(* Let $B$ be a Horn program, $E^+,E^-$ finite sets of ground atoms, and $H_1,H_2,H_3\in\mathcal{H}_{D,C}$ hypotheses with $H_3$ a generalization of $H_1$. If $S_{ACC}(H_2,B,E^+,E^-) - S_{ACC}(H_1,B,E^+,E^-) > fn(H_1,B,E^+)$, then $S_{ACC}(H_2,B,E^+,E^-) > S_{ACC}(H_3,B,E^+,E^-)$.
   Context: A definite clause is a clause with exactly one positive literal. A hypothesis is a finite set of definite clauses; $\mathcal{H}_{D,C}$ denotes the hypothesis space of hypotheses consistent with a declaration bias $D$ and hypothesis constraints $C$ (only membership matters). $B$ is background knowledge, $E^+$ positive and $E^-$ negative examples. For a hypothesis $H$: $tp(H,B,E^+)=|\{e\in E^+ : H\cup B\models e\}|$, $tn(H,B,E^-)=|\{e\in E^- : H\cup B\not\models e\}|$, $fn(H,B,E^+)=|E^+|-tp(H,B,E^+)$, $fp(H,B,E^-)=|E^-|-tn(H,B,E^-)$, and $S_{ACC}(H,B,E^+,E^-)=tp(H,B,E^+)+tn(H,B,E^-)$. A clause $C_1$ subsumes a clause $C_2$ iff there is a substitution $\theta$ with $C_1\theta\subseteq C_2$. A clausal theory $T_1$ subsumes $T_2$ ($T_1\preceq T_2$) iff every clause of $T_2$ is subsumed by some clause of $T_1$. $T_1$ is a generalization of $T_2$ iff $T_1\preceq T_2$, and a specialization of $T_2$ iff $T_2\preceq T_1$. *)

theory Defs
  imports Main
begin

datatype ('f, 'v) trm = Var 'v | Fn 'f "('f, 'v) trm list"

type_synonym ('p, 'f, 'v) atom = "'p \<times> ('f, 'v) trm list"

datatype ('p, 'f, 'v) lit = Pos "('p, 'f, 'v) atom" | Neg "('p, 'f, 'v) atom"

type_synonym ('p, 'f, 'v) clause = "('p, 'f, 'v) lit set"

fun vars_trm :: "('f, 'v) trm \<Rightarrow> 'v set" where
  "vars_trm (Var x) = {x}"
| "vars_trm (Fn f ts) = \<Union> (set (map vars_trm ts))"

fun subst_trm :: "('v \<Rightarrow> ('f, 'v) trm) \<Rightarrow> ('f, 'v) trm \<Rightarrow> ('f, 'v) trm" where
  "subst_trm \<sigma> (Var x) = \<sigma> x"
| "subst_trm \<sigma> (Fn f ts) = Fn f (map (subst_trm \<sigma>) ts)"

definition subst_atom :: "('v \<Rightarrow> ('f, 'v) trm) \<Rightarrow> ('p, 'f, 'v) atom \<Rightarrow> ('p, 'f, 'v) atom" where
  "subst_atom \<sigma> a = (fst a, map (subst_trm \<sigma>) (snd a))"

fun subst_lit :: "('v \<Rightarrow> ('f, 'v) trm) \<Rightarrow> ('p, 'f, 'v) lit \<Rightarrow> ('p, 'f, 'v) lit" where
  "subst_lit \<sigma> (Pos a) = Pos (subst_atom \<sigma> a)"
| "subst_lit \<sigma> (Neg a) = Neg (subst_atom \<sigma> a)"

definition subst_clause :: "('v \<Rightarrow> ('f, 'v) trm) \<Rightarrow> ('p, 'f, 'v) clause \<Rightarrow> ('p, 'f, 'v) clause" where
  "subst_clause \<sigma> C = subst_lit \<sigma> ` C"

definition ground_trm :: "('f, 'v) trm \<Rightarrow> bool" where
  "ground_trm t \<longleftrightarrow> vars_trm t = {}"

definition ground_atom :: "('p, 'f, 'v) atom \<Rightarrow> bool" where
  "ground_atom a \<longleftrightarrow> (\<forall>t \<in> set (snd a). ground_trm t)"

fun is_pos :: "('p, 'f, 'v) lit \<Rightarrow> bool" where
  "is_pos (Pos _) = True"
| "is_pos (Neg _) = False"

definition definite_clause :: "('p, 'f, 'v) clause \<Rightarrow> bool" where
  "definite_clause C \<longleftrightarrow> finite C \<and> card {l \<in> C. is_pos l} = 1"

definition horn_program :: "('p, 'f, 'v) clause set \<Rightarrow> bool" where
  "horn_program B \<longleftrightarrow> finite B \<and> (\<forall>C \<in> B. definite_clause C)"

definition hypothesis :: "('p, 'f, 'v) clause set \<Rightarrow> bool" where
  "hypothesis H \<longleftrightarrow> finite H \<and> (\<forall>C \<in> H. definite_clause C)"

definition herbrand_interp :: "('p, 'f, 'v) atom set \<Rightarrow> bool" where
  "herbrand_interp I \<longleftrightarrow> (\<forall>a \<in> I. ground_atom a)"

fun lit_true :: "('p, 'f, 'v) atom set \<Rightarrow> ('p, 'f, 'v) lit \<Rightarrow> bool" where
  "lit_true I (Pos a) = (a \<in> I)"
| "lit_true I (Neg a) = (a \<notin> I)"

definition clause_true :: "('p, 'f, 'v) atom set \<Rightarrow> ('p, 'f, 'v) clause \<Rightarrow> bool" where
  "clause_true I C \<longleftrightarrow>
     (\<forall>\<sigma>. (\<forall>x. ground_trm (\<sigma> x)) \<longrightarrow> (\<exists>l \<in> subst_clause \<sigma> C. lit_true I l))"

definition is_model :: "('p, 'f, 'v) atom set \<Rightarrow> ('p, 'f, 'v) clause set \<Rightarrow> bool" where
  "is_model I T \<longleftrightarrow> herbrand_interp I \<and> (\<forall>C \<in> T. clause_true I C)"

definition entails :: "('p, 'f, 'v) clause set \<Rightarrow> ('p, 'f, 'v) atom \<Rightarrow> bool" where
  "entails T e \<longleftrightarrow> (\<forall>I. is_model I T \<longrightarrow> e \<in> I)"

definition subsumes_clause :: "('p, 'f, 'v) clause \<Rightarrow> ('p, 'f, 'v) clause \<Rightarrow> bool" where
  "subsumes_clause C1 C2 \<longleftrightarrow> (\<exists>\<theta>. subst_clause \<theta> C1 \<subseteq> C2)"

definition theory_subsumes :: "('p, 'f, 'v) clause set \<Rightarrow> ('p, 'f, 'v) clause set \<Rightarrow> bool" where
  "theory_subsumes T1 T2 \<longleftrightarrow> (\<forall>C2 \<in> T2. \<exists>C1 \<in> T1. subsumes_clause C1 C2)"

definition generalization :: "('p, 'f, 'v) clause set \<Rightarrow> ('p, 'f, 'v) clause set \<Rightarrow> bool" where
  "generalization T1 T2 \<longleftrightarrow> theory_subsumes T1 T2"

definition tp :: "('p, 'f, 'v) clause set \<Rightarrow> ('p, 'f, 'v) clause set \<Rightarrow> ('p, 'f, 'v) atom set \<Rightarrow> nat" where
  "tp H B Ep = card {e \<in> Ep. entails (H \<union> B) e}"

definition tn :: "('p, 'f, 'v) clause set \<Rightarrow> ('p, 'f, 'v) clause set \<Rightarrow> ('p, 'f, 'v) atom set \<Rightarrow> nat" where
  "tn H B En = card {e \<in> En. \<not> entails (H \<union> B) e}"

definition fn :: "('p, 'f, 'v) clause set \<Rightarrow> ('p, 'f, 'v) clause set \<Rightarrow> ('p, 'f, 'v) atom set \<Rightarrow> nat" where
  "fn H B Ep = card Ep - tp H B Ep"

definition fp :: "('p, 'f, 'v) clause set \<Rightarrow> ('p, 'f, 'v) clause set \<Rightarrow> ('p, 'f, 'v) atom set \<Rightarrow> nat" where
  "fp H B En = card En - tn H B En"

definition S_ACC :: "('p, 'f, 'v) clause set \<Rightarrow> ('p, 'f, 'v) clause set \<Rightarrow> ('p, 'f, 'v) atom set \<Rightarrow> ('p, 'f, 'v) atom set \<Rightarrow> nat" where
  "S_ACC H B Ep En = tp H B Ep + tn H B En"

end

theory Submission
  imports Defs
begin

text \<open>
  Subsumption preserves truth of clauses, so every Herbrand model of a generalization \<open>H\<^sub>3\<close>
  of \<open>H\<^sub>1\<close> (together with \<open>B\<close>) is a model of \<open>H\<^sub>1\<close>, and \<open>H\<^sub>3\<close> entails everything \<open>H\<^sub>1\<close> entails.
  Hence \<open>H\<^sub>3\<close> has no more true negatives than \<open>H\<^sub>1\<close>, and it can gain at most the \<open>fn H\<^sub>1\<close>
  positives that \<open>H\<^sub>1\<close> misses: \<open>S_ACC H\<^sub>3 \<le> S_ACC H\<^sub>1 + fn H\<^sub>1 < S_ACC H\<^sub>2\<close>.
\<close>

lemma subst_trm_subst_trm: "subst_trm \<sigma> (subst_trm \<theta> t) = subst_trm (subst_trm \<sigma> \<circ> \<theta>) t"
  by (induction t) auto

lemma subst_lit_subst_lit: "subst_lit \<sigma> (subst_lit \<theta> l) = subst_lit (subst_trm \<sigma> \<circ> \<theta>) l"
  by (cases l) (auto simp: subst_atom_def subst_trm_subst_trm)

lemma subst_clause_subst_clause:
  "subst_clause \<sigma> (subst_clause \<theta> C) = subst_clause (subst_trm \<sigma> \<circ> \<theta>) C"
  by (auto simp: subst_clause_def subst_lit_subst_lit image_image)

lemma ground_trm_subst_trm: "(\<And>x. ground_trm (\<sigma> x)) \<Longrightarrow> ground_trm (subst_trm \<sigma> t)"
  unfolding ground_trm_def by (induction t) auto

lemma subst_trm_Var: "subst_trm Var t = t"
  by (induction t) (auto simp: map_idI)

lemma subst_clause_Var:
  fixes C :: "('p, 'f, 'v) clause"
  shows "subst_clause Var C = C"
proof -
  have "subst_lit Var l = l" for l :: "('p, 'f, 'v) lit"
    by (cases l) (auto simp: subst_atom_def subst_trm_Var map_idI)
  then show ?thesis
    by (auto simp: subst_clause_def)
qed

lemma subsumes_clause_refl: "subsumes_clause C C"
  unfolding subsumes_clause_def using subst_clause_Var by blast

lemma clause_true_if_subsumes_clause:
  fixes C\<^sub>1 C\<^sub>2 :: "('p, 'f, 'v) clause"
  assumes "subsumes_clause C\<^sub>1 C\<^sub>2" and "clause_true I C\<^sub>1"
  shows "clause_true I C\<^sub>2"
  unfolding clause_true_def
proof (intro allI impI)
  fix \<sigma> :: "'v \<Rightarrow> ('f, 'v) trm"
  assume ground: "\<forall>x. ground_trm (\<sigma> x)"
  from assms(1) obtain \<theta> where \<theta>: "subst_clause \<theta> C\<^sub>1 \<subseteq> C\<^sub>2"
    unfolding subsumes_clause_def by blast
  have "\<forall>x. ground_trm ((subst_trm \<sigma> \<circ> \<theta>) x)"
    using ground by (simp add: ground_trm_subst_trm)
  with assms(2) obtain l where "l \<in> subst_clause \<sigma> (subst_clause \<theta> C\<^sub>1)" "lit_true I l"
    unfolding clause_true_def subst_clause_subst_clause by blast
  moreover have "subst_clause \<sigma> (subst_clause \<theta> C\<^sub>1) \<subseteq> subst_clause \<sigma> C\<^sub>2"
    using \<theta> unfolding subst_clause_def by blast
  ultimately show "\<exists>l \<in> subst_clause \<sigma> C\<^sub>2. lit_true I l"
    by blast
qed

lemma theory_subsumes_Un: "theory_subsumes T\<^sub>1 T\<^sub>2 \<Longrightarrow> theory_subsumes (T\<^sub>1 \<union> B) (T\<^sub>2 \<union> B)"
  unfolding theory_subsumes_def using subsumes_clause_refl by blast

lemma is_model_if_theory_subsumes:
  "theory_subsumes T\<^sub>1 T\<^sub>2 \<Longrightarrow> is_model I T\<^sub>1 \<Longrightarrow> is_model I T\<^sub>2"
  unfolding is_model_def theory_subsumes_def using clause_true_if_subsumes_clause by blast

lemma entails_if_theory_subsumes: "theory_subsumes T\<^sub>1 T\<^sub>2 \<Longrightarrow> entails T\<^sub>2 e \<Longrightarrow> entails T\<^sub>1 e"
  unfolding entails_def using is_model_if_theory_subsumes by blast

lemma entails_generalization:
  "generalization H' H \<Longrightarrow> entails (H \<union> B) e \<Longrightarrow> entails (H' \<union> B) e"
  unfolding generalization_def using entails_if_theory_subsumes theory_subsumes_Un by blast

lemma tp_le_card: "finite Ep \<Longrightarrow> tp H B Ep \<le> card Ep"
  unfolding tp_def by (intro card_mono) auto

lemma tn_generalization_le:
  "generalization H' H \<Longrightarrow> finite En \<Longrightarrow> tn H' B En \<le> tn H B En"
  unfolding tn_def by (intro card_mono) (auto dest: entails_generalization[of H' H B])

lemma S_ACC_generalization_le:
  assumes "generalization H' H" and "finite Ep" and "finite En"
  shows "S_ACC H' B Ep En \<le> S_ACC H B Ep En + fn H B Ep"
  using tp_le_card[of Ep H' B] tp_le_card[of Ep H B] tn_generalization_le[of H' H En B] assms
  unfolding S_ACC_def fn_def by linarith

theorem proposition4p3:
  fixes B :: "('p, 'f, 'v) clause set"
    and Ep En :: "('p, 'f, 'v) atom set"
    and HDC :: "('p, 'f, 'v) clause set set"
    and H1 H2 H3 :: "('p, 'f, 'v) clause set"
  assumes "horn_program B"
    and "finite Ep" and "\<forall>e \<in> Ep. ground_atom e"
    and "finite En" and "\<forall>e \<in> En. ground_atom e"
    and "\<forall>H \<in> HDC. hypothesis H"
    and "H1 \<in> HDC" and "H2 \<in> HDC" and "H3 \<in> HDC"
    and "generalization H3 H1"
    and "int (S_ACC H2 B Ep En) - int (S_ACC H1 B Ep En) > int (fn H1 B Ep)"
  shows "S_ACC H2 B Ep En > S_ACC H3 B Ep En"
  using S_ACC_generalization_le[OF assms(10,2,4), of B] assms(11) by linarith

end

Assignment: From the data above, return every line from the line that has "B Ep En = tp" up to and including the line that has "Subsumption preserves truth", exactly.

Solved exercise:
  "S_ACC H B Ep En = tp H B Ep + tn H B En"

end

theory Submission
  imports Defs
begin

text \<open>
  Subsumption preserves truth of clauses, so every Herbrand model of a generalization \<open>H\<^sub>3\<close>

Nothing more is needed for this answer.